INPUT MATERIAL section start

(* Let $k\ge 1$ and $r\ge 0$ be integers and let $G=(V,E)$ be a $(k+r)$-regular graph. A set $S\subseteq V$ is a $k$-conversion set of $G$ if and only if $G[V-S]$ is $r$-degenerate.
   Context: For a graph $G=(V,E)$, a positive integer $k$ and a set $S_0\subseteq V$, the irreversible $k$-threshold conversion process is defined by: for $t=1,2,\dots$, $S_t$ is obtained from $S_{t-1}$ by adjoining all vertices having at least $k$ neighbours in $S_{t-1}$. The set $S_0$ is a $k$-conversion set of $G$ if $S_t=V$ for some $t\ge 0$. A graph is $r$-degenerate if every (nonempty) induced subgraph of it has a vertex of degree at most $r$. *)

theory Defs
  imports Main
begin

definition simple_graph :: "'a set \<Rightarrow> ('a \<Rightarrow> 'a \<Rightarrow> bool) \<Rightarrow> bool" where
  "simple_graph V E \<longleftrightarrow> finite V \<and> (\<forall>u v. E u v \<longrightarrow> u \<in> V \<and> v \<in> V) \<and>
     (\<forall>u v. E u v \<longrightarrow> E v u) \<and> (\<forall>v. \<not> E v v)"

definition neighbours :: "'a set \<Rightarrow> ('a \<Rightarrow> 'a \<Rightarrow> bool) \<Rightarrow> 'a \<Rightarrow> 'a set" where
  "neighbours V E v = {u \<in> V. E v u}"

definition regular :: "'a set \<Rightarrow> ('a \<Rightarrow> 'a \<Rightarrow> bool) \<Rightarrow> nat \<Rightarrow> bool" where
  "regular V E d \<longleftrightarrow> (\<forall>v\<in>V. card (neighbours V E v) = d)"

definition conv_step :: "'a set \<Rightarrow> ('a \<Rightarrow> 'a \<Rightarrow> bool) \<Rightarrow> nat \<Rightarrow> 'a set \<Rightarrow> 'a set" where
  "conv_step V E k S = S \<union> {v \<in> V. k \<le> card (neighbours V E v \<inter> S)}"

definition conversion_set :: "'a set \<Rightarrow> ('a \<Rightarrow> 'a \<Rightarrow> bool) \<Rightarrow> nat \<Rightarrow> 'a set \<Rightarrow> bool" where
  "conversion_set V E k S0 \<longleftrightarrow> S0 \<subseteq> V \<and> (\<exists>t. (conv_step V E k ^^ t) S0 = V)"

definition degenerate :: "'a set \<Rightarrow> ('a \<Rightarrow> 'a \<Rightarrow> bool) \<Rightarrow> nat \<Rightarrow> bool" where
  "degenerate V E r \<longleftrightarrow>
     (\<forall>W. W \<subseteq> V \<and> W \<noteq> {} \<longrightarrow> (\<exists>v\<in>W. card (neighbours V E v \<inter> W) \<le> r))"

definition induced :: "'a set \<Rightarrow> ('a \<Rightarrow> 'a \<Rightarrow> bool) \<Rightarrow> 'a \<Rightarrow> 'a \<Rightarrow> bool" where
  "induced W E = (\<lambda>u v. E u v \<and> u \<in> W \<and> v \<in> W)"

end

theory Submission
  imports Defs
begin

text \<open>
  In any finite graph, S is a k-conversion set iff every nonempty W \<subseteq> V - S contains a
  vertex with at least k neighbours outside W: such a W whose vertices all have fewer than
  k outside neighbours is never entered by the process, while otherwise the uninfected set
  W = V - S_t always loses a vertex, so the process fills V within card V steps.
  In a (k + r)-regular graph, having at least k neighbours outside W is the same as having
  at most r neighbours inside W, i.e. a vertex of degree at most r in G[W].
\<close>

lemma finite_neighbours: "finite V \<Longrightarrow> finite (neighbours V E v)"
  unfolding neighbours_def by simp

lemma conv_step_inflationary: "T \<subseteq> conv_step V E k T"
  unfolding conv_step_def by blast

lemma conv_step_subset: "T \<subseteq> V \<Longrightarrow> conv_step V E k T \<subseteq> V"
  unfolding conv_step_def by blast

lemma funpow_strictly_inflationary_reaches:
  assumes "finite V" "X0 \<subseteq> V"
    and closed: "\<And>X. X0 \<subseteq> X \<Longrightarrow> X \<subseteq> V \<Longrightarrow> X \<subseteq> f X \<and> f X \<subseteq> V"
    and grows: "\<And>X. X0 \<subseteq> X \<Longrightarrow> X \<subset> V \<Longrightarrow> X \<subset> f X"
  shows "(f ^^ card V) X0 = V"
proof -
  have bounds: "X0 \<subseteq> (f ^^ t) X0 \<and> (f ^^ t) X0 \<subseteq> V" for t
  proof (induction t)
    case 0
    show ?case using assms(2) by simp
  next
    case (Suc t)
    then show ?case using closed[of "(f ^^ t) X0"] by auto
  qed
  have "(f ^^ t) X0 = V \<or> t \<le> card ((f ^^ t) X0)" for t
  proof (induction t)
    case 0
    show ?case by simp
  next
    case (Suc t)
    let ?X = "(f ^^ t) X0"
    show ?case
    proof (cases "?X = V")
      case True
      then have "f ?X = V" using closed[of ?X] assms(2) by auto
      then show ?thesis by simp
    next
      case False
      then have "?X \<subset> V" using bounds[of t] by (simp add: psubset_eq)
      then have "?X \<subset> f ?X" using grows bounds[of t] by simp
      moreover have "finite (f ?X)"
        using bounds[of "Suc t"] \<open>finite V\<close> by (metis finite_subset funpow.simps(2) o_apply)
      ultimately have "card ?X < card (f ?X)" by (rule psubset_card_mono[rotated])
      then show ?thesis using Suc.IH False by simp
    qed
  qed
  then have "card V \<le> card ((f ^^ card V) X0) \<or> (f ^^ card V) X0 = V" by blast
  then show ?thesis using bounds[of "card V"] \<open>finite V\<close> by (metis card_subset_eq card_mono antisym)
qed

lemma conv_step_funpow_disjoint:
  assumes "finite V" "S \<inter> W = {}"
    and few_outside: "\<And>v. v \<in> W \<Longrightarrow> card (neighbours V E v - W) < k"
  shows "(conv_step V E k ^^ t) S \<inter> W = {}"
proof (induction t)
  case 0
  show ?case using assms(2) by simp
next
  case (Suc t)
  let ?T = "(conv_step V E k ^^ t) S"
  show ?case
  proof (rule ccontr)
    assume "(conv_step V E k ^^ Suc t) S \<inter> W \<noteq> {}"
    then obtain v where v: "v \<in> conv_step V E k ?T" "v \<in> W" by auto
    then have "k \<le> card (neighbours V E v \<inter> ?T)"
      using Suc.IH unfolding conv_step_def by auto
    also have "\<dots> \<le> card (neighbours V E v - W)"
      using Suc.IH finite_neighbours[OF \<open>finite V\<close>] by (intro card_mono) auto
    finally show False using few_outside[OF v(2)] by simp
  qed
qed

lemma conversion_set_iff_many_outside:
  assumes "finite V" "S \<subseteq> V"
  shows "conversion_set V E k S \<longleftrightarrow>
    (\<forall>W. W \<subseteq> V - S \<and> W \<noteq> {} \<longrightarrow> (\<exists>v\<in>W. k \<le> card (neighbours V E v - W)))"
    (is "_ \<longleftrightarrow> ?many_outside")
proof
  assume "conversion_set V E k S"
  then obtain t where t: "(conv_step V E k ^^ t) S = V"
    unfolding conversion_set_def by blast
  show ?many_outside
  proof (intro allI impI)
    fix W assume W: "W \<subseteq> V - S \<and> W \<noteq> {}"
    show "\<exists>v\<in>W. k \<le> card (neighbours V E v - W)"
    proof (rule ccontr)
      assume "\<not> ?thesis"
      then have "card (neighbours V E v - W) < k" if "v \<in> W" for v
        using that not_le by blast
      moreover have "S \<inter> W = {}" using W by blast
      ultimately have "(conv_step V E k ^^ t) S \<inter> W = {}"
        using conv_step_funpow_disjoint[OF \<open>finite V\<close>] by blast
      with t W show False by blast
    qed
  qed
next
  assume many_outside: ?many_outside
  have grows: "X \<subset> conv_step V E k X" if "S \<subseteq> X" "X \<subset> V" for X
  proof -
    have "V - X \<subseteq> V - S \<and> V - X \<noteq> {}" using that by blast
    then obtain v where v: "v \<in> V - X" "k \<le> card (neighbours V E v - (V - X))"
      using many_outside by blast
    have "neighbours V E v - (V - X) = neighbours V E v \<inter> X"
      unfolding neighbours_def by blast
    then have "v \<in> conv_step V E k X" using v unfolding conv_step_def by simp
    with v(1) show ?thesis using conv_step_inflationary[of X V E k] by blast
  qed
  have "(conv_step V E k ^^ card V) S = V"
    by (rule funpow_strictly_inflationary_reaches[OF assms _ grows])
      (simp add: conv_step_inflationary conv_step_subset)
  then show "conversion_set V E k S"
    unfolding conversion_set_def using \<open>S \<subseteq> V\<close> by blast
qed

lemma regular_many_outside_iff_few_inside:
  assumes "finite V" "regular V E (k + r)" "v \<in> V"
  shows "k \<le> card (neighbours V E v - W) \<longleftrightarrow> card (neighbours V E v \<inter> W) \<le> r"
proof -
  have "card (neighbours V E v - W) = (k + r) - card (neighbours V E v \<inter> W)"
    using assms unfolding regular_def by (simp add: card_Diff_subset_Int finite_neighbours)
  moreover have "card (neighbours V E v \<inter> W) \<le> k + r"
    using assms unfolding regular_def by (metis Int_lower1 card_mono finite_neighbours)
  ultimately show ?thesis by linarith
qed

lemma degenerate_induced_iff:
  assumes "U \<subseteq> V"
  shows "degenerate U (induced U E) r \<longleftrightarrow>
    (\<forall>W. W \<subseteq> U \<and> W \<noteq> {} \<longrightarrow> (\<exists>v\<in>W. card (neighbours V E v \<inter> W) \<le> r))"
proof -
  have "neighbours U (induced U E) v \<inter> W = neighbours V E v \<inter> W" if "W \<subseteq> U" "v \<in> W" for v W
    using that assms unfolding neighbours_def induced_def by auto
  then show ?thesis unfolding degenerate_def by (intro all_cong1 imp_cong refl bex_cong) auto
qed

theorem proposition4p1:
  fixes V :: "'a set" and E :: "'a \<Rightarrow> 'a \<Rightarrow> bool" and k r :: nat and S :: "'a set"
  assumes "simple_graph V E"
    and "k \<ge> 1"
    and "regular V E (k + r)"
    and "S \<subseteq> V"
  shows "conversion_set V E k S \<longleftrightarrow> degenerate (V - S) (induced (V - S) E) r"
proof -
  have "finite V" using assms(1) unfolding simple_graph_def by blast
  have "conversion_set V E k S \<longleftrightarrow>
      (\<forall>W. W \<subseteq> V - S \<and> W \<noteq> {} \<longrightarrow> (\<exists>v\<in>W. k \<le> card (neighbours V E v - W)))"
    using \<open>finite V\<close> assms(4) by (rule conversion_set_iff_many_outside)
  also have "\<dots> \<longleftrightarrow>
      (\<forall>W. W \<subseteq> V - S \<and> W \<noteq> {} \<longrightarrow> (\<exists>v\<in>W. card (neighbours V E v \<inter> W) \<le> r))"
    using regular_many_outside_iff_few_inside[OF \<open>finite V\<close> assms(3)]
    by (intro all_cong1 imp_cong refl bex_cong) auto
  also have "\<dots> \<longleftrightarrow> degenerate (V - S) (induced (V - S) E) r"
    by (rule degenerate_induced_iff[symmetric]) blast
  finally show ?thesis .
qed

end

INPUT MATERIAL section end
INPUT MATERIAL section start

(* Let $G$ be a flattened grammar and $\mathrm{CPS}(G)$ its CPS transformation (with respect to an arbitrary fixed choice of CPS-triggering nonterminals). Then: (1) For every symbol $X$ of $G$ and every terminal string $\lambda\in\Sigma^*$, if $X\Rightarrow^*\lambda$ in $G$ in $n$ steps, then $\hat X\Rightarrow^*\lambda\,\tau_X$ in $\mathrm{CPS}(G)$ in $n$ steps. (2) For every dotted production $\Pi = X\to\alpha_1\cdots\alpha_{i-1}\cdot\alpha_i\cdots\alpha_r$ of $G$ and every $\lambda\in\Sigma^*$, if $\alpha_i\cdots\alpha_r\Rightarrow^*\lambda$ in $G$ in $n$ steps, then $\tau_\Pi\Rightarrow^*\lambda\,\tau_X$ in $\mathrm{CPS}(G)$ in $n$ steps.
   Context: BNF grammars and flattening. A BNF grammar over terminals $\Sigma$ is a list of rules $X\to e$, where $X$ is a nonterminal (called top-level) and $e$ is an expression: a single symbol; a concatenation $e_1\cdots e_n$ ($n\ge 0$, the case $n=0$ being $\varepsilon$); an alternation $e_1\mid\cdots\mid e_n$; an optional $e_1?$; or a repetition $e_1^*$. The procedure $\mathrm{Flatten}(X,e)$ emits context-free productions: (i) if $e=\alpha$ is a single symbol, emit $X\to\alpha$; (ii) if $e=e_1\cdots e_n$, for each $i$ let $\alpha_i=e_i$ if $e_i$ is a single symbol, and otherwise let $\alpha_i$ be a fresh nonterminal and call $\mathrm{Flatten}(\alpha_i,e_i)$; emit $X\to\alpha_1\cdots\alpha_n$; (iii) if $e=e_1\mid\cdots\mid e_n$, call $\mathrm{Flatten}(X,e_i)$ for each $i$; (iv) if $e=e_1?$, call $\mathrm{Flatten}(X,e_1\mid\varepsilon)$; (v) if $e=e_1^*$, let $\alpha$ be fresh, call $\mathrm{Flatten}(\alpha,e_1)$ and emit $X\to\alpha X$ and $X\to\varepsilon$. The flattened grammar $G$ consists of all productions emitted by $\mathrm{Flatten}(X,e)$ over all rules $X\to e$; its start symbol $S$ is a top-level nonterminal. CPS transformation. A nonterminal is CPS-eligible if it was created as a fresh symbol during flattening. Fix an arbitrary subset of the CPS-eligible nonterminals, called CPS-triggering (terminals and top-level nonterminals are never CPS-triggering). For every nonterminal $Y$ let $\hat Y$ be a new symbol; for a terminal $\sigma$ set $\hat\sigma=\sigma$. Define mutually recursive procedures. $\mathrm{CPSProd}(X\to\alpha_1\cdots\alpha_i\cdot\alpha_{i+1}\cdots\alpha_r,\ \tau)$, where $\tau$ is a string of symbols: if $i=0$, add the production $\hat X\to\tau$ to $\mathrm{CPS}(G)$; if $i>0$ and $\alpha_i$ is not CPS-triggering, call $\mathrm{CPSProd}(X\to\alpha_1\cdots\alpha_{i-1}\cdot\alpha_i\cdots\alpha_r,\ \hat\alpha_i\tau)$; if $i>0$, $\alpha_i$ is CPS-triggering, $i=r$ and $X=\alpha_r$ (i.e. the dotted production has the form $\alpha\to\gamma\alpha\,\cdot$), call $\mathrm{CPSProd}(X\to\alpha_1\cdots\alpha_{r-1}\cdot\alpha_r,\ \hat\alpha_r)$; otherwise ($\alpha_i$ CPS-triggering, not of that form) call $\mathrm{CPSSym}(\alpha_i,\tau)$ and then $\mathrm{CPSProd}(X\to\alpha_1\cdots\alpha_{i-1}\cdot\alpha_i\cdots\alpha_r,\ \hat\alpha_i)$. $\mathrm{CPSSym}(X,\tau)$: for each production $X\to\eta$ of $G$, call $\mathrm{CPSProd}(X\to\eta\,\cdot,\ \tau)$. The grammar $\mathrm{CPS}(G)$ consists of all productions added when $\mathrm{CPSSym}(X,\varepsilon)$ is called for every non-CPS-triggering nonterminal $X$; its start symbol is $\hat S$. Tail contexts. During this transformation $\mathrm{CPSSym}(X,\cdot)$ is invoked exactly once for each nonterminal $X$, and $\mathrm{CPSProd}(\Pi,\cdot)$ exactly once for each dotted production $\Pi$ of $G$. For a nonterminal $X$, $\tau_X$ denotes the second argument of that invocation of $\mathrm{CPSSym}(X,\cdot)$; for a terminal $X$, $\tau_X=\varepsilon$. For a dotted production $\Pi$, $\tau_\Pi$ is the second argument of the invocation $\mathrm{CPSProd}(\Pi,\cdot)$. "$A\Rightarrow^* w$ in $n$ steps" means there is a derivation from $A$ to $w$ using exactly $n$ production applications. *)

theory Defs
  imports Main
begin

INPUT MATERIAL section end

* ACTION ITEM *
Show a copy of each line from the records above in which the string "metis" occurs.

* SOLUTION TO THE EXERCISE *
        using bounds[of "Suc t"] \<open>finite V\<close> by (metis finite_subset funpow.simps(2) o_apply)
  then show ?thesis using bounds[of "card V"] \<open>finite V\<close> by (metis card_subset_eq card_mono antisym)
    using assms unfolding regular_def by (metis Int_lower1 card_mono finite_neighbours)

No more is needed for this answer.